[Start of section]

definition aug_q :: "nat \<Rightarrow> nat \<Rightarrow> (nat \<Rightarrow> nat) \<Rightarrow> nat \<Rightarrow> nat" where
  "aug_q n M q c = (if c < n then 0 else q (c - n) + M)"

lemma aug_DAE_dual_feasible:
  assumes feas: "dual_feasible n fr p q" and M: "Vop_chain_order_bound n q' [1..<Suc r] < M"
  shows "dual_feasible (2 * n) (aug_DAE n r V q' fr) (aug_p n M p) (aug_q n M q)"
  unfolding dual_feasible_def
proof (intro allI impI sigma_le)
  fix i c l assume i: "i < 2 * n" and c: "c < 2 * n"
    and "not_ident_zero (pd (Some (c, l)) (aug_DAE n r V q' fr i))"
  then obtain W t where nz: "pd (Some (c, l)) (aug_DAE n r V q' fr i) W t \<noteq> 0"
    unfolding not_ident_zero_def by blast
  have "int l \<le> int (aug_q n M q c) - int (aug_p n M p i)"
  proof (cases "i < n"; cases "c < n")
    assume "i < n" "\<not> c < n"
    then have "not_ident_zero (pd (Some (c - n, l)) (fr i))"
      using nz unfolding not_ident_zero_def by (auto simp: pd_aug_DAE_upper_z)
    then have "int l \<le> int (q (c - n)) - int (p i)"
      using feas \<open>i < n\<close> c by (intro dual_feasible_le) auto
    with \<open>i < n\<close> \<open>\<not> c < n\<close> show ?thesis by (simp add: aug_p_def aug_q_def)
  next
    assume "\<not> i < n" "c < n"
    then have "l = 0" using nz by (simp add: pd_aug_DAE_lower_x split: if_splits)
    with \<open>\<not> i < n\<close> \<open>c < n\<close> show ?thesis by (simp add: aug_p_def aug_q_def)
  next
    assume "\<not> i < n" "\<not> c < n"
    have "l < M"
    proof (rule ccontr)
      assume "\<not> l < M"
      with M have "Vop_chain_order_bound n q' [1..<Suc r] < l" by linarith
      moreover have "n \<le> i" "n \<le> c" using \<open>\<not> i < n\<close> \<open>\<not> c < n\<close> by simp_all
      ultimately have "pd (Some (c, l)) (aug_DAE n r V q' fr i) W t = 0"
        using i by (intro pd_aug_DAE_lower_z)
      with nz show False by contradiction
    qed
    with \<open>\<not> i < n\<close> \<open>\<not> c < n\<close> show ?thesis by (simp add: aug_p_def aug_q_def)
  qed (use nz pd_aug_DAE_upper_x in auto)
  then show "ereal (real l) \<le> ereal (real_of_int (int (aug_q n M q c) - int (aug_p n M p i)))"
    by simp
qed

[End of section]

• **EXERCISE OBJECTIVE**:
Look above and repeat, character for character, the lines from the first one to the line with "unfolding not_ident_zero_def by blast", counting both.

• **EXERCISE RESULT**:
definition aug_q :: "nat \<Rightarrow> nat \<Rightarrow> (nat \<Rightarrow> nat) \<Rightarrow> nat \<Rightarrow> nat" where
  "aug_q n M q c = (if c < n then 0 else q (c - n) + M)"

lemma aug_DAE_dual_feasible:
  assumes feas: "dual_feasible n fr p q" and M: "Vop_chain_order_bound n q' [1..<Suc r] < M"
  shows "dual_feasible (2 * n) (aug_DAE n r V q' fr) (aug_p n M p) (aug_q n M q)"
  unfolding dual_feasible_def
proof (intro allI impI sigma_le)
  fix i c l assume i: "i < 2 * n" and c: "c < 2 * n"
    and "not_ident_zero (pd (Some (c, l)) (aug_DAE n r V q' fr i))"
  then obtain W t where nz: "pd (Some (c, l)) (aug_DAE n r V q' fr i) W t \<noteq> 0"
    unfolding not_ident_zero_def by blast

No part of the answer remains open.